Lined up behind the officials were seven masterpieces of the country’s ancient heritage, including a 10th-century sandstone statue, known as “Skanda on a Peacock,” that investigators say was stolen from a temple by a Khmer Rouge conscript and self-described looter in 1997.

The Cambodian government will also welcome back a five-foot-tall sculpture of a Hindu god, Ganesha, but the four-ton sculpture was represented only in a poster on Monday for fear that it would break elevators at the Manhattan offices of the U.S. attorney for the Southern District of New York.

Both objects were said to have been plundered from the archaeological site at Koh Ker, the capital of the ancient Khmer Empire.

The antiquities that are being repatriated, the officials said, were all trafficked by an organized looting network and sold in the Western art market through Douglas A.J. Latchford, a British art dealer and collector of Cambodian antiquities. He died in 2020, less than a year after he had been charged with smuggling looted relics and concealing their tainted histories by falsifying documentation to help sell them.

“It’s like a returning of the souls of our culture back to our peoples,” Keo Chhea, Cambodia’s ambassador to the United States, said at Monday’s news conference.

The relics were returned as part of an investigation into Mr. Latchford by federal prosecutors in New York and the Department of Homeland Security. They were seized from two individuals and an American museum that had owned the artifacts. All three cooperated with investigators.

“We commend individuals and institutions who decided to do the right thing,” said Damian Williams, the U.S. attorney for the Southern District, “and after learning about the origin of the antiquities in their possession decided to voluntarily return those pieces to their homeland.”

The owner of “Skanda on a Peacock,” which depicts the Hindu deity Skanda riding the bird, inherited the sculpture from a collector who had purchased it from Mr. Latchford in 2000 for $1.5 million, according to court papers. The heir, who has not been publicly identified, agreed to relinquish possession of the artifact to the federal authorities.

Twenty-five of the antiquities that are being returned to Cambodia were surrendered by James H. Clark, the internet pioneer and Netscape founder who said he had spent roughly $35 million in purchasing dozens of Cambodian and Southeast Asian antiquities, many of which he used to furnish a Miami Beach penthouse.

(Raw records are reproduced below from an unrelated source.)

lemma card_bounded_subsets_le:
  assumes "finite A"
  shows "card {S. S \<subseteq> A \<and> card S \<le> r} \<le> (card A + 1) ^ r"
proof -
  define lists where "lists = {xs. set xs \<subseteq> insert None (Some ` A) \<and> length xs = r}"
  have "{S. S \<subseteq> A \<and> card S \<le> r} \<subseteq> (\<lambda>xs. {a. Some a \<in> set xs}) ` lists"
  proof
    fix S assume S: "S \<in> {S. S \<subseteq> A \<and> card S \<le> r}"
    then obtain ys where ys: "set ys = S" "distinct ys"
      using finite_distinct_list[OF finite_subset[OF _ assms]] by blast
    define xs where "xs = map Some ys @ replicate (r - card S) None"
    have "xs \<in> lists"
      using S ys distinct_card[OF ys(2)] by (auto simp: xs_def lists_def)
    moreover have "S = {a. Some a \<in> set xs}"
      using ys by (auto simp: xs_def)
    ultimately show "S \<in> (\<lambda>xs. {a. Some a \<in> set xs}) ` lists"
      by blast
  qed
  moreover have "finite lists"
    using assms by (simp add: lists_def finite_lists_length_eq)
  ultimately have "card {S. S \<subseteq> A \<and> card S \<le> r} \<le> card lists"
    by (meson card_image_le card_mono finite_imageI order_trans)
  also have "\<dots> = (card A + 1) ^ r"
    using assms by (simp add: lists_def card_lists_length_eq card_image)
  finally show ?thesis .
qed

section \<open>Derivable output characters as triangular systems\<close>

definition position :: "'a list \<Rightarrow> 'a \<Rightarrow> nat" where
  "position L x = length (takeWhile (\<lambda>y. y \<noteq> x) L)"

lemma position_nth:
  assumes "distinct L" and "i < length L"
  shows "position L (L ! i) = i"
proof -
  have "takeWhile (\<lambda>y. y \<noteq> L ! i) L = take i L"
  proof (rule takeWhile_eq_take_P_nth)
    show "L ! k \<noteq> L ! i" if "k < i" and "k < length L" for k
      using that assms by (simp add: nth_eq_iff_index_eq)
  qed simp
  then show ?thesis
    using assms(2) by (simp add: position_def)
qed

definition table_entries :: "(nat \<times> nat) list \<Rightarrow> nat \<Rightarrow> (nat \<times> nat \<times> nat) set" where
  "table_entries L d = {(i, a, j). (i, a) \<in> set L \<and> j < d}"

definition earlier_sets :: "nat \<Rightarrow> (nat \<times> nat) list \<Rightarrow> nat \<times> nat \<times> nat \<Rightarrow> (nat \<times> nat) set set" where
  "earlier_sets c L p = {S. S \<subseteq> set L \<and> card S \<le> 2 * c - 1 \<and>
     (\<forall>\<beta>\<in>S. position L \<beta> < position L (fst p, fst (snd p)))}"

definition solutions :: "nat \<Rightarrow> nat \<Rightarrow> nat \<Rightarrow> nat \<Rightarrow> (nat \<times> nat \<times> nat) set
    \<Rightarrow> (nat \<times> nat \<times> nat \<Rightarrow> (nat \<times> nat) set) \<Rightarrow> (nat \<times> nat \<times> nat \<Rightarrow> nat) set" where
  "solutions u m c d D W =
     {T \<in> tables u m c d. \<forall>p\<in>D. T p = xor_set (\<lambda>(i, a). T (i, a, snd (snd p))) (W p)}"

lemma table_entries_eq_image:
  "table_entries L d = (\<lambda>((i, a), j). (i, a, j)) ` (set L \<times> {..<d})"
  by (force simp: table_entries_def)

lemma finite_table_entries: "finite (table_entries L d)"
  by (simp add: table_entries_eq_image)

lemma card_table_entries:
  assumes "distinct L"
  shows "card (table_entries L d) = length L * d"
proof -
  have "inj_on (\<lambda>((i, a), j). (i :: nat, a :: nat, j :: nat)) (set L \<times> {..<d})"
    by (auto simp: inj_on_def)
  then show ?thesis
    using distinct_card[OF assms] by (simp add: table_entries_eq_image card_image card_cartesian_product)
qed

lemma card_tables: "card (tables u m c d) = (2 ^ m) ^ (c * u * d)"
  by (simp add: tables_def card_PiE card_cartesian_product mult.assoc)

lemma card_solutions_le:
  assumes L: "set L \<subseteq> {..<c} \<times> {..<u}" and D: "D \<subseteq> table_entries L d"
    and W: "W \<in> PiE D (earlier_sets c L)"
  shows "real (card (solutions u m c d D W)) \<le> real (card (tables u m c d)) / 2 ^ (m * card D)"
proof -
  define A where "A = {..<c} \<times> {..<u} \<times> {..<d}"
  have "D \<subseteq> A"
    using D L unfolding table_entries_def A_def by auto
  have "card (solutions u m c d D W) \<le> card {..<(2::nat) ^ m} ^ card (A - D)"
    unfolding solutions_def tables_def A_def[symmetric]
  proof (rule card_triangular_solutions_le[where r = "\<lambda>(i, a, j). position L (i, a)"])
    show "finite A" "D \<subseteq> A"
      using \<open>D \<subseteq> A\<close> by (simp_all add: A_def)
  next
    fix p and T T' :: "nat \<times> nat \<times> nat \<Rightarrow> nat"
    assume p: "p \<in> D" and agree: "\<And>q. (case q of (i, a, j) \<Rightarrow> position L (i, a))
        < (case p of (i, a, j) \<Rightarrow> position L (i, a)) \<Longrightarrow> T q = T' q"
    obtain i a j where p_eq: "p = (i, a, j)"
      by (cases p) auto
    have "W p \<subseteq> set L" "\<forall>\<beta>\<in>W p. position L \<beta> < position L (i, a)"
      using W p unfolding earlier_sets_def p_eq by (auto simp: PiE_iff)
    then show "xor_set (\<lambda>(i, a). T (i, a, snd (snd p))) (W p)
             = xor_set (\<lambda>(i, a). T' (i, a, snd (snd p))) (W p)"
      using agree unfolding p_eq
      by (intro xor_set_cong) (auto intro: finite_subset)
  qed simp
  also have "\<dots> = (2 ^ m) ^ (card A - card D)"
    using \<open>D \<subseteq> A\<close> by (simp add: A_def card_Diff_subset finite_subset)
  finally have "real (card (solutions u m c d D W)) \<le> (2 ^ m) ^ (card A - card D)"
    using of_nat_mono by fastforce
  then have "real (card (solutions u m c d D W)) * 2 ^ (m * card D) \<le> (2 ^ m) ^ (card A - card D) * 2 ^ (m * card D)"
    by simp
  also have "\<dots> = real (card (tables u m c d))"
    using card_mono[OF _ \<open>D \<subseteq> A\<close>]
    by (simp add: card_tables A_def card_cartesian_product power_mult[symmetric] power_add[symmetric]
        add_mult_distrib2[symmetric] mult.assoc)
  finally show ?thesis
    by (simp add: field_simps)
qed

lemma derivable_equation:
  assumes "distinct L" and "((i, a), j) \<in> derivable c d T X L"
  obtains S where "S \<subseteq> set L" and "card S \<le> 2 * c - 1"
    and "\<forall>\<beta>\<in>S. position L \<beta> < position L (i, a)"
    and "T (i, a, j) = xor_set (\<lambda>(i', a'). T (i', a', j)) S"
proof -
  obtain x y where sub: "symd c x y \<subseteq> set L" and last: "is_last_in L (symd c x y) (i, a)"
    and eq: "hval c T x j = hval c T y j"
    using assms(2) unfolding derivable_def by blast
  define S where "S = symd c x y - {(i, a)}"
  have mem: "(i, a) \<in> symd c x y"
    using last unfolding is_last_in_def by blast
  have "card S \<le> 2 * c - 1"
    using card_symd_le[of c x y] mem by (simp add: S_def card_Diff_singleton)
  moreover have "position L \<beta> < position L (i, a)" if "\<beta> \<in> S" for \<beta>
  proof -
    obtain k k' where k: "k < length L" "L ! k = \<beta>" and k': "k' < length L" "L ! k' = (i, a)"
      using \<open>\<beta> \<in> S\<close> mem sub unfolding S_def by (metis Diff_iff in_set_conv_nth subsetD)
    have "k \<le> k'"
      using last \<open>\<beta> \<in> S\<close> k k' unfolding is_last_in_def S_def by blast
    moreover have "k \<noteq> k'"
      using \<open>\<beta> \<in> S\<close> k k' unfolding S_def by auto
    ultimately show ?thesis
      using k k' position_nth[OF assms(1)] by fastforce
  qed
  moreover have "T (i, a, j) = xor_set (\<lambda>(i', a'). T (i', a', j)) S"
    using derivable_entry[OF eq mem] by (simp add: S_def)
  ultimately show thesis
    using sub by (intro that[of S]) (auto simp: S_def)
qed
text \<open>A nonpositive value between two positive ones would make the derivative change sign
  \<open>+, -, +\<close> on \<open>0 < z\<^sub>0 < z\<^sub>1 < z\<^sub>2\<close>. For odd \<open>N\<close> the derivative has the sign of the
  concave function \<open>1 + z - a\<^bsup>1/(N-1)\<^esup> \<bar>1 - z a\<bar>\<close>, which cannot do that.\<close>
lemma gain_poly_pos_between_odd:
  assumes "odd N" "N \<ge> 2" "a \<ge> 1" "0 < p" "p \<le> x" "x \<le> q"
    and "gain_poly N p a > 0" "gain_poly N q a > 0"
  shows "gain_poly N x a > 0"
proof (rule ccontr)
  assume "\<not> ?thesis"
  then have x_nonpos: "gain_poly N x a \<le> 0" by simp
  have "p < x" using x_nonpos assms(5,7) by (cases "p = x") auto
  have "x < q" using x_nonpos assms(6,8) by (cases "x = q") auto
  obtain m where N: "N = Suc m" and "even m" "m > 0"
    using assms(1,2) by (cases N) auto
  define D where "D z = real N * ((1 + z) ^ m - a * (1 - z * a) ^ m)" for z
  define \<phi> where "\<phi> z = 1 + z - root m a * \<bar>1 - z * a\<bar>" for z
  have deriv: "((\<lambda>z. gain_poly N z a) has_real_derivative D z) (at z)" for z
    unfolding D_def N by (rule gain_poly_has_real_derivative)
  have sign: "D z > 0 \<longleftrightarrow> \<phi> z > 0" "D z < 0 \<longleftrightarrow> \<phi> z < 0" if "z \<ge> -1" for z
    using even_power_diff_sign[OF \<open>even m\<close> \<open>m > 0\<close>, of a z] that assms(3)
    by (simp_all add: D_def \<phi>_def N zero_less_mult_iff mult_less_0_iff)
  have "gain_poly N 0 a = 0" by (simp add: gain_poly_def)
  obtain z0 where z0: "0 < z0" "z0 < p" "gain_poly N p a - gain_poly N 0 a = (p - 0) * D z0"
    using MVT2[OF assms(4), of "\<lambda>z. gain_poly N z a" D] deriv by blast
  obtain z1 where z1: "p < z1" "z1 < x" "gain_poly N x a - gain_poly N p a = (x - p) * D z1"
    using MVT2[OF \<open>p < x\<close>, of "\<lambda>z. gain_poly N z a" D] deriv by blast
  obtain z2 where z2: "x < z2" "z2 < q" "gain_poly N q a - gain_poly N x a = (q - x) * D z2"
    using MVT2[OF \<open>x < q\<close>, of "\<lambda>z. gain_poly N z a" D] deriv by blast
  have "D z0 > 0" using z0 \<open>gain_poly N 0 a = 0\<close> assms(7) by (simp add: zero_less_mult_iff)
  moreover have "D z1 < 0"
  proof -
    have "(x - p) * D z1 < 0" using z1(3) x_nonpos assms(7) by linarith
    then show ?thesis using \<open>p < x\<close> by (simp add: mult_less_0_iff)
  qed
  moreover have "D z2 > 0"
  proof -
    have "(q - x) * D z2 > 0" using z2(3) x_nonpos assms(8) by linarith
    then show ?thesis using \<open>x < q\<close> by (simp add: zero_less_mult_iff)
  qed
  ultimately have "\<phi> z0 > 0" "\<phi> z1 < 0" "\<phi> z2 > 0"
    using sign z0 z1 z2 assms(4) by auto
  moreover have "concave_on {z0..z2} \<phi>"
  proof -
    have "concave_on UNIV \<phi>"
      unfolding \<phi>_def using assms(3) by (intro concave_on_one_plus_minus_abs) (auto simp: real_root_ge_zero)
    then show ?thesis unfolding concave_on_def by (rule convex_on_subset) auto
  qed
  then have "\<phi> z1 \<ge> min (\<phi> z0) (\<phi> z2)"
    by (rule concave_on_ge_min) (use z0 z1 z2 in auto)
  ultimately show False by linarith
qed


lemma gain_poly_inverse_coeff:
  assumes "x \<noteq> 0" "N > 0"
  shows "gain_poly N x (1 / x) = (1 + x) ^ N - 2"
  using assms by (simp add: gain_poly_def)

lemma gain_poly_pos_on_box_odd:
  assumes "odd N" "N \<ge> 2" "0 < p" "p \<le> q" "A \<ge> 1"
  shows "(\<forall>x a. p \<le> x \<and> x \<le> q \<and> 1 \<le> a \<and> a \<le> A \<longrightarrow> gain_poly N x a > 0)
    \<longleftrightarrow> gain_poly N p A > 0 \<and> gain_poly N q A > 0"
proof
  assume "\<forall>x a. p \<le> x \<and> x \<le> q \<and> 1 \<le> a \<and> a \<le> A \<longrightarrow> gain_poly N x a > 0"
  then show "gain_poly N p A > 0 \<and> gain_poly N q A > 0" using assms by auto
next
  assume ends: "gain_poly N p A > 0 \<and> gain_poly N q A > 0"
  show "\<forall>x a. p \<le> x \<and> x \<le> q \<and> 1 \<le> a \<and> a \<le> A \<longrightarrow> gain_poly N x a > 0"
  proof (intro allI impI)
    fix x a assume box: "p \<le> x \<and> x \<le> q \<and> 1 \<le> a \<and> a \<le> A"
    then have "gain_poly N x A > 0"
      using gain_poly_pos_between_odd[OF assms(1,2,5,3)] ends by blast
    moreover have "gain_poly N x A \<le> gain_poly N x a"
      using box assms(1,3) by (intro gain_poly_antimono_coeff) auto
    ultimately show "gain_poly N x a > 0" by linarith
  qed
qed
lemma nn_integral_min_le:
  assumes c: "0 \<le> c"
  shows "(\<integral>\<^sup>+x. ennreal (min (f x) c) \<partial>\<pi>R) \<le> ennreal (b / (1 - lam))"
proof -
  define g where "g n x = ennreal (min (lam ^ n * max (f x) 0 + b / (1 - lam)) c)" for n x
  have g_meas: "g n \<in> borel_measurable \<pi>R" for n
  proof -
    have "(\<lambda>x. min (lam ^ n * max (f x) 0 + b / (1 - lam)) c) \<in> borel_measurable M"
      using f_meas by (intro borel_measurable_min borel_measurable_add borel_measurable_times
          borel_measurable_max) auto
    then show ?thesis
      unfolding g_def measurable_cong_sets[OF sets_\<pi>R refl] by (rule measurable_compose) simp
  qed
  have dec: "decseq g"
  proof (rule decseq_SucI, rule le_funI)
    fix n x
    have "lam ^ Suc n * max (f x) 0 \<le> lam ^ n * max (f x) 0"
      using lam by (intro mult_right_mono) (auto simp: power_decreasing)
    then show "g (Suc n) x \<le> g n x" unfolding g_def by (intro ennreal_leI) auto
  qed
  have fin: "(\<integral>\<^sup>+x. g n x \<partial>\<pi>R) < \<infinity>" for n
  proof -
    have "(\<integral>\<^sup>+x. g n x \<partial>\<pi>R) \<le> (\<integral>\<^sup>+x. ennreal c \<partial>\<pi>R)"
      by (rule nn_integral_mono) (simp add: g_def ennreal_leI)
    also have "\<dots> = ennreal c * emeasure \<pi>R (space \<pi>R)" by simp
    also have "\<dots> \<le> ennreal c * 1" by (intro mult_left_mono emeasure_\<pi>R_space_le_1) simp
    finally show ?thesis by (simp add: le_less_trans)
  qed
  have lim: "(INF n. g n x) \<le> ennreal (b / (1 - lam))" for x
  proof -
    have "(\<lambda>n. lam ^ n * max (f x) 0) \<longlonglongrightarrow> 0"
      using LIMSEQ_power_zero[of lam] lam by (intro tendsto_mult_left_zero) auto
    then have "(\<lambda>n. min (lam ^ n * max (f x) 0 + b / (1 - lam)) c) \<longlonglongrightarrow> min (0 + b / (1 - lam)) c"
      by (intro tendsto_min tendsto_add tendsto_const)
    then have "(\<lambda>n. g n x) \<longlonglongrightarrow> ennreal (min (b / (1 - lam)) c)"
      unfolding g_def by (simp add: tendsto_ennrealI)
    then have "(INF n. g n x) \<le> ennreal (min (b / (1 - lam)) c)"
      by (rule LIMSEQ_le_const) (auto intro: INF_lower)
    also have "\<dots> \<le> ennreal (b / (1 - lam))" by (intro ennreal_leI) simp
    finally show ?thesis .
  qed
  have "(\<integral>\<^sup>+x. ennreal (min (f x) c) \<partial>\<pi>R) \<le> (INF n. (\<integral>\<^sup>+x. g n x \<partial>\<pi>R))"
    unfolding g_def by (intro INF_greatest nn_integral_min_le_iterate)
  also have "\<dots> = (\<integral>\<^sup>+x. (INF n. g n x) \<partial>\<pi>R)"
    by (rule nn_integral_monotone_convergence_INF_decseq[symmetric, OF dec g_meas fin])
  also have "\<dots> \<le> (\<integral>\<^sup>+x. ennreal (b / (1 - lam)) \<partial>\<pi>R)"
    by (intro nn_integral_mono lim)
  also have "\<dots> = ennreal (b / (1 - lam)) * emeasure \<pi>R (space \<pi>R)" by simp
  also have "\<dots> \<le> ennreal (b / (1 - lam)) * 1" by (intro mult_left_mono emeasure_\<pi>R_space_le_1) simp
  finally show ?thesis by simp
qed
text \<open>Cut a path of \<open>\<O>\<close> at its configurations of level \<open>\<ge> a\<close>. A segment from one of them
  to the next is either a single step staying at level \<open>\<ge> a\<close>, or it starts at level \<open>a\<close>, dips
  below \<open>a\<close> and returns to level \<open>a\<close>; in every case a segment starting above level \<open>a\<close> is a
  single non-zero transition, and one starting at level \<open>a\<close> ends at level \<open>a\<close> or \<open>a + 1\<close>.
  Shifting counters down by \<open>a\<close>, \<open>\<O>\<^sub>a\<close> keeps the non-zero transitions of \<open>\<O>\<close> and has a zero
  test \<open>(p, d, q)\<close> whenever some segment leads from \<open>(p, a)\<close> to \<open>(q, a + d)\<close>. Steps of \<open>\<O>\<^sub>a\<close>
  are then exactly the shifted segments, and each segment contributes one configuration of level
  \<open>\<ge> a\<close>, namely its start.\<close>

definition raise :: "nat \<Rightarrow> 'q config \<Rightarrow> 'q config" where
  "raise a \<gamma> = (fst \<gamma>, snd \<gamma> + a)"

abbreviation count_above :: "nat \<Rightarrow> 'q config list \<Rightarrow> nat" where
  "count_above a cs \<equiv> length (filter (\<lambda>\<gamma>. a \<le> snd \<gamma>) cs)"

inductive first_above :: "'q ocs \<Rightarrow> nat \<Rightarrow> 'q config \<Rightarrow> 'q config \<Rightarrow> bool" for S a where
  first_above_here: "a \<le> snd \<gamma> \<Longrightarrow> first_above S a \<gamma> \<gamma>"
| first_above_step: "snd \<gamma> < a \<Longrightarrow> ocs_step S \<gamma> t \<gamma>1 \<Longrightarrow> first_above S a \<gamma>1 \<gamma>' \<Longrightarrow> first_above S a \<gamma> \<gamma>'"

definition next_above :: "'q ocs \<Rightarrow> nat \<Rightarrow> 'q config \<Rightarrow> 'q config \<Rightarrow> bool" where
  "next_above S a \<gamma> \<gamma>' \<longleftrightarrow> (\<exists>t \<gamma>1. ocs_step S \<gamma> t \<gamma>1 \<and> first_above S a \<gamma>1 \<gamma>')"

definition ocs_above :: "'q ocs \<Rightarrow> nat \<Rightarrow> 'q ocs" where
  "ocs_above S a = \<lparr>states = states S, tpos = tpos S,
     tzero = {(p, d, q). d \<in> {0, 1} \<and> next_above S a (p, a) (q, a + nat d)}\<rparr>"

lemma ocs_path_Nil: "ocs_path S cs [] \<longleftrightarrow> (\<exists>\<gamma>. cs = [\<gamma>])"
  unfolding ocs_path_def by (auto simp: length_Suc_conv)

lemma ocs_path_nonempty: "ocs_path S cs ts \<Longrightarrow> cs \<noteq> []"
  unfolding ocs_path_def by auto

lemma ocs_path_Cons:
  "ocs_path S cs (t # ts) \<longleftrightarrow> (\<exists>\<gamma> cs'. cs = \<gamma> # cs' \<and> ocs_step S \<gamma> t (hd cs') \<and> ocs_path S cs' ts)"
proof
  assume path: "ocs_path S cs (t # ts)"
  then obtain \<gamma> \<gamma>' cs'' where "cs = \<gamma> # \<gamma>' # cs''"
    unfolding ocs_path_def by (auto simp: length_Suc_conv)
  with path show "\<exists>\<gamma> cs'. cs = \<gamma> # cs' \<and> ocs_step S \<gamma> t (hd cs') \<and> ocs_path S cs' ts"
    unfolding ocs_path_def by fastforce
next
  assume "\<exists>\<gamma> cs'. cs = \<gamma> # cs' \<and> ocs_step S \<gamma> t (hd cs') \<and> ocs_path S cs' ts"
  then obtain \<gamma> \<gamma>' cs'' where "cs = \<gamma> # \<gamma>' # cs''" "ocs_step S \<gamma> t \<gamma>'" "ocs_path S (\<gamma>' # cs'') ts"
    unfolding ocs_path_def by (auto simp: length_Suc_conv)
  then show "ocs_path S cs (t # ts)"
    unfolding ocs_path_def by (auto simp: less_Suc_eq_0_disj)
qed

lemma ocs_path_ConsI: "ocs_step S \<gamma> t (hd cs) \<Longrightarrow> ocs_path S cs ts \<Longrightarrow> ocs_path S (\<gamma> # cs) (t # ts)"
  by (auto simp: ocs_path_Cons)

lemma ocs_step_wfD:
  assumes "wf_ocs S" "ocs_step S \<gamma> t \<gamma>'"
  shows "fst \<gamma> \<in> states S \<and> fst \<gamma>' \<in> states S \<and> snd \<gamma>' \<le> snd \<gamma> + 1 \<and> snd \<gamma> \<le> snd \<gamma>' + 1"
proof -
  obtain p d q where t: "t = (p, d, q)" by (cases t)
  with assms(2) have "t \<in> tpos S \<union> tzero S" unfolding ocs_step_def by auto
  with assms(1) t have "p \<in> states S \<and> q \<in> states S \<and> d \<in> {-1, 0, 1}" unfolding wf_ocs_def by auto
  with assms(2) t show ?thesis unfolding ocs_step_def by auto
qed

lemma first_above_level:
  assumes "wf_ocs S"
  shows "first_above S a \<gamma> \<gamma>' \<Longrightarrow> a \<le> snd \<gamma>' \<and> snd \<gamma>' \<le> max a (snd \<gamma>)"
  by (induction rule: first_above.induct) (use ocs_step_wfD[OF assms] in fastforce)+

lemma first_above_states:
  assumes "wf_ocs S"
  shows "first_above S a \<gamma> \<gamma>' \<Longrightarrow> fst \<gamma> \<in> states S \<Longrightarrow> fst \<gamma>' \<in> states S"
  by (induction rule: first_above.induct) (use ocs_step_wfD[OF assms] in auto)

lemma first_above_high: "first_above S a \<gamma> \<gamma>' \<Longrightarrow> a \<le> snd \<gamma> \<Longrightarrow> \<gamma>' = \<gamma>"
  by (auto elim: first_above.cases)

lemma wf_ocs_above:
  assumes "wf_ocs S"
  shows "wf_ocs (ocs_above S a)"
proof -
  have "p \<in> states S \<and> q \<in> states S" if "next_above S a (p, a) (q, c)" for p q c
  proof -
    from that obtain t \<gamma>1 where "ocs_step S (p, a) t \<gamma>1" "first_above S a \<gamma>1 (q, c)"
      unfolding next_above_def by blast
    then show ?thesis using ocs_step_wfD[OF assms] first_above_states[OF assms] by fastforce
  qed
  with assms show ?thesis unfolding wf_ocs_def ocs_above_def by auto
qed

lemma ocs_above_step_iff:
  assumes wf: "wf_ocs S"
  shows "(\<exists>t. ocs_step (ocs_above S a) \<gamma> t \<gamma>') \<longleftrightarrow> next_above S a (raise a \<gamma>) (raise a \<gamma>')"
proof -
  obtain p c q c' where \<gamma>: "\<gamma> = (p, c)" "\<gamma>' = (q, c')" by (cases \<gamma>, cases \<gamma>')
  have "next_above S a (p, c + a) (q, c' + a)" if step: "ocs_step (ocs_above S a) (p, c) t (q, c')" for t
  proof -
    obtain d where t: "t = (p, d, q)" and d: "int c' = int c + d"
      using step unfolding ocs_step_def by (cases t) auto
    from step t consider "t \<in> tpos S" "0 < c" | "t \<in> tzero (ocs_above S a)" "c = 0"
      unfolding ocs_step_def ocs_above_def by auto
    then show ?thesis
    proof cases
      case 1
      with t d have "ocs_step S (p, c + a) t (q, c' + a)" unfolding ocs_step_def by auto
      moreover have "first_above S a (q, c' + a) (q, c' + a)" by (simp add: first_above_here)
      ultimately show ?thesis unfolding next_above_def by blast
    next
      case 2
      with t d show ?thesis unfolding ocs_above_def by (auto simp: add.commute)
    qed
  qed
  moreover have "\<exists>t. ocs_step (ocs_above S a) (p, c) t (q, c')"
    if hop: "next_above S a (p, c + a) (q, c' + a)"
  proof -
    obtain t \<gamma>1 where step: "ocs_step S (p, c + a) t \<gamma>1" and first: "first_above S a \<gamma>1 (q, c' + a)"
      using hop unfolding next_above_def by blast
    show ?thesis
    proof (cases "c = 0")
      case True
      from first_above_level[OF wf first] ocs_step_wfD[OF wf step] True have "c' \<in> {0, 1}" by auto
      then have "(p, int c', q) \<in> tzero (ocs_above S a)"
        using hop True unfolding ocs_above_def by (auto simp: add.commute)
      with True show ?thesis unfolding ocs_step_def by (intro exI) auto
    next
      case False
      from ocs_step_wfD[OF wf step] False have "\<gamma>1 = (q, c' + a)"
        using first_above_high[OF first] by simp
      with step False have "ocs_step (ocs_above S a) (p, c) t (q, c')"
        unfolding ocs_step_def ocs_above_def by (cases t) auto
      then show ?thesis by blast
    qed
  qed
  ultimately show ?thesis using \<gamma> unfolding raise_def by auto
qed

lemma first_above_path:
  "first_above S a \<gamma> \<gamma>' \<Longrightarrow> ocs_path S cs ts \<Longrightarrow> hd cs = \<gamma>' \<Longrightarrow>
    \<exists>cs' ts'. ocs_path S cs' ts' \<and> hd cs' = \<gamma> \<and> last cs' = last cs \<and> count_above a cs' = count_above a cs"
proof (induction arbitrary: cs ts rule: first_above.induct)
  case (first_above_here \<gamma>)
  then show ?case by blast
next
  case (first_above_step \<gamma> t \<gamma>1 \<gamma>')
  then obtain cs' ts' where path: "ocs_path S cs' ts'" "hd cs' = \<gamma>1" "last cs' = last cs"
    and count: "count_above a cs' = count_above a cs" by blast
  with first_above_step have "ocs_path S (\<gamma> # cs') (t # ts')" by (simp add: ocs_path_ConsI)
  with path count ocs_path_nonempty first_above_step.hyps(1) show ?case by fastforce
qed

“One day I recall walking through my apartment looking at these objects and thinking, ‘They really should be in a museum, and not in private hands,’” Mr. Clark said in a phone interview on Monday. “And that’s where they will be.”

Federal officials have said that Mr. Latchford duped Mr. Clark into believing the artifacts were being legitimately sold and that once they laid out evidence to the contrary, Mr. Clark agreed to surrender 35 items, most of which had origins in Cambodia. Those items include the elephant-headed Ganesha, a bronze seated Buddha and a sandstone Buddha.

The 30 artifacts cited on Monday are expected to arrive in Cambodia by October, after which the government hopes to have a national celebration around their return, said Bradley J. Gordon, a lawyer representing the country. Government officials intend for the items to ultimately be put on public display, he said.

Four of the antiquities were surrendered by the Denver Art Museum. The museum declined to comment on the ceremony but said it was also currently researching two objects from Thailand that were related to Mr. Latchford.

The criminal case against Mr. Latchford has been dismissed since his death. When he was alive, Mr. Latchford, who had been lauded by the Cambodian government for his scholarship on Khmer art and his contributions to state museums, had argued that Westerners who bought such antiquities and sold or donated them to museums were saving them from potential destruction.

At the ceremony Monday was a delegation of Cambodian officials who have been traveling across the United States for 10 days, visiting museums in California, Texas, Pennsylvania and New York to ask for documentation relating to the Khmer collections at the institutions.

Their efforts are part of a global push to recover hundreds of Khmer and pre-Khmer artifacts that made their way around the world as a result of decades of looting. Their mission has been furthered significantly with the help of a Cambodian man named Toek Tik, the former Khmer Rouge conscript, who has disclosed details of his prolific looting career to the authorities as a way to redeem himself for actions he now regrets.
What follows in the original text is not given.